lemma sum_gap_weight:
  assumes "1 \<le> x" "1 \<le> y"
  shows "(\<Sum>a\<in>{1..n}. \<Sum>b\<in>{1..n}. gap_weight n x y a b) = real (n choose (x + y))"
proof -
  have row: "(\<Sum>b\<in>{1..n}. gap_weight n x y a b) = real ((a - 1) choose (x - 1)) * real ((n - a) choose y)"
    if "a \<in> {1..n}" for a
  proof -
    have "{b\<in>{1..n}. a < b} = {a<..n}" using that by auto
    then have "(\<Sum>b\<in>{1..n}. gap_weight n x y a b)
        = real ((a - 1) choose (x - 1)) * (\<Sum>b\<in>{a<..n}. real ((n - b) choose (y - 1)))"
      by (simp add: gap_weight_def sum.inter_filter[symmetric] sum_distrib_left)
    also have "\<dots> = real ((a - 1) choose (x - 1)) * real ((n - a) choose y)"
      using sum_greaterThanAtMost_diff_choose[OF assms(2), of a n] that by (simp flip: of_nat_sum)
    finally show ?thesis .
  qed
  have "(\<Sum>a\<in>{1..n}. \<Sum>b\<in>{1..n}. gap_weight n x y a b)
      = real (\<Sum>a\<in>{1..n}. ((a - 1) choose (x - 1)) * ((n - a) choose y))"
    using row by (simp add: of_nat_sum)
  also have "\<dots> = real (n choose (x - 1 + y + 1))"
    by (simp only: sum_pred_choose_times_diff_choose)
  finally show ?thesis using assms(1) by simp
qed

definition long_intervals_dense :: "nat \<Rightarrow> real \<Rightarrow> real \<Rightarrow> (nat \<Rightarrow> real) \<Rightarrow> bool" where
  "long_intervals_dense n L \<beta> f \<longleftrightarrow>
     (\<forall>J. interval_of n J \<and> L \<le> real (card J) \<longrightarrow> \<beta> * real (card J) \<le> sum f J)"

lemma long_intervals_dense_if_averages_close:
  assumes "\<forall>J. interval_of n J \<and> L \<le> real (card J) \<longrightarrow> \<bar>sum f J / real (card J) - \<alpha>\<bar> \<le> \<eta>"
  shows "long_intervals_dense n L (\<alpha> - \<eta>) f"
  unfolding long_intervals_dense_def
proof (intro allI impI)
  fix J assume J: "interval_of n J \<and> L \<le> real (card J)"
  then have "0 < real (card J)" by (auto simp: interval_of_def)
  moreover have "\<alpha> - \<eta> \<le> sum f J / real (card J)" using assms J by force
  ultimately show "(\<alpha> - \<eta>) * real (card J) \<le> sum f J" by (simp add: pos_le_divide_eq)
qed

lemma sum_atLeastAtMost_ge_if_dense:
  fixes f :: "nat \<Rightarrow> real"
  assumes dense: "long_intervals_dense n L \<beta> f" and f: "\<forall>t\<in>{1..n}. 0 \<le> f t"
    and "0 \<le> \<beta>" "0 \<le> L" "1 \<le> p" "q \<le> n"
  shows "\<beta> * (real (card {p..q}) - L) \<le> sum f {p..q}"
proof (cases "p \<le> q \<and> L \<le> real (card {p..q})")
  case True
  then have "interval_of n {p..q}" using assms(5,6) by (auto simp: interval_of_def)
  then have "\<beta> * real (card {p..q}) \<le> sum f {p..q}" using dense True unfolding long_intervals_dense_def by blast
  moreover have "0 \<le> \<beta> * L" using assms(3,4) by simp
  ultimately show ?thesis by (simp add: right_diff_distrib)
next
  case False
  then have "real (card {p..q}) \<le> L" using assms(4) by auto
  then have "\<beta> * (real (card {p..q}) - L) \<le> 0" using assms(3) by (simp add: mult_nonneg_nonpos)
  also have "0 \<le> sum f {p..q}" using f assms(5,6) by (intro sum_nonneg) auto
  finally show ?thesis .
qed

lemma sum_gap_in_window_ge:
  fixes f :: "nat \<Rightarrow> real"
  assumes dense: "long_intervals_dense n L \<beta> f" and f: "\<forall>t\<in>{1..n}. 0 \<le> f t"
    and "0 \<le> \<beta>" "0 \<le> L" "1 \<le> lo" "hi \<le> n" "b \<le> n"
  shows "\<beta> * (real b - real a - real lo - (real n - real hi) - L)
           \<le> (\<Sum>t\<in>{lo..hi}. if a < t \<and> t < b then f t else 0)"
proof -
  define p where "p = max lo (a + 1)"
  define q where "q = min hi (b - 1)"
  have "{t\<in>{lo..hi}. a < t \<and> t < b} = {p..q}" by (auto simp: p_def q_def)
  then have sum_eq: "(\<Sum>t\<in>{lo..hi}. if a < t \<and> t < b then f t else 0) = sum f {p..q}"
    by (simp add: sum.inter_filter[symmetric])
  have "real b - real a - real lo - (real n - real hi) \<le> real (card {p..q})"
    using assms(5-7) by (simp add: p_def q_def)
  then have "\<beta> * (real b - real a - real lo - (real n - real hi) - L) \<le> \<beta> * (real (card {p..q}) - L)"
    using assms(3) by (intro mult_left_mono) auto
  also have "\<dots> \<le> sum f {p..q}"
    using sum_atLeastAtMost_ge_if_dense[OF dense f assms(3,4)] assms(5,6) by (simp add: p_def q_def)
  finally show ?thesis unfolding sum_eq .
qed

lemma sum_window_weighted_ge_if_dense:
  fixes f :: "nat \<Rightarrow> real"
  assumes dense: "long_intervals_dense n L \<beta> f" and f: "\<forall>t\<in>{1..n}. 0 \<le> f t"
    and "0 \<le> \<beta>" "0 \<le> L" "1 \<le> lo" "hi \<le> n" "1 \<le> x" "1 \<le> y"
  shows "\<beta> * (real (n choose (x + y + 1)) - (real lo + (real n - real hi) + L - 1) * real (n choose (x + y)))
           \<le> (\<Sum>t\<in>{lo..hi}. f t * real ((t - 1) choose x) * real ((n - t) choose y))"
proof -
  define loss where "loss = real lo + (real n - real hi) + L - 1"
  let ?w = "gap_weight n x y"
  have "\<beta> * (real (n choose (x + y + 1)) - loss * real (n choose (x + y)))
      = (\<Sum>a\<in>{1..n}. \<Sum>b\<in>{1..n}. ?w a b * (\<beta> * (real b - real a - 1 - loss)))"
    unfolding sum_gap_weight_times_gap[OF assms(7,8), symmetric] sum_gap_weight[OF assms(7,8), symmetric]
    by (simp add: sum_distrib_left sum_subtractf[symmetric] algebra_simps)
  also have "\<dots> \<le> (\<Sum>a\<in>{1..n}. \<Sum>b\<in>{1..n}. ?w a b * (\<Sum>t\<in>{lo..hi}. if a < t \<and> t < b then f t else 0))"
    using sum_gap_in_window_ge[OF dense f assms(3-6)]
    by (intro sum_mono mult_left_mono gap_weight_nonneg) (simp add: loss_def algebra_simps)
  also have "\<dots> = (\<Sum>t\<in>{lo..hi}. f t * real ((t - 1) choose x) * real ((n - t) choose y))"
    using assms(5,6) by (intro sum_choose_times_choose_eq_gap_sums[symmetric] assms(7,8)) auto
  finally show ?thesis unfolding loss_def .
qed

Problem details -
Using the entries above, copy exactly the lines from the one containing "1) * real (n choose (x + y)))" through the last, both included.

Solution -
  shows "\<beta> * (real (n choose (x + y + 1)) - (real lo + (real n - real hi) + L - 1) * real (n choose (x + y)))
           \<le> (\<Sum>t\<in>{lo..hi}. f t * real ((t - 1) choose x) * real ((n - t) choose y))"
proof -
  define loss where "loss = real lo + (real n - real hi) + L - 1"
  let ?w = "gap_weight n x y"
  have "\<beta> * (real (n choose (x + y + 1)) - loss * real (n choose (x + y)))
      = (\<Sum>a\<in>{1..n}. \<Sum>b\<in>{1..n}. ?w a b * (\<beta> * (real b - real a - 1 - loss)))"
    unfolding sum_gap_weight_times_gap[OF assms(7,8), symmetric] sum_gap_weight[OF assms(7,8), symmetric]
    by (simp add: sum_distrib_left sum_subtractf[symmetric] algebra_simps)
  also have "\<dots> \<le> (\<Sum>a\<in>{1..n}. \<Sum>b\<in>{1..n}. ?w a b * (\<Sum>t\<in>{lo..hi}. if a < t \<and> t < b then f t else 0))"
    using sum_gap_in_window_ge[OF dense f assms(3-6)]
    by (intro sum_mono mult_left_mono gap_weight_nonneg) (simp add: loss_def algebra_simps)
  also have "\<dots> = (\<Sum>t\<in>{lo..hi}. f t * real ((t - 1) choose x) * real ((n - t) choose y))"
    using assms(5,6) by (intro sum_choose_times_choose_eq_gap_sums[symmetric] assms(7,8)) auto
  finally show ?thesis unfolding loss_def .
qed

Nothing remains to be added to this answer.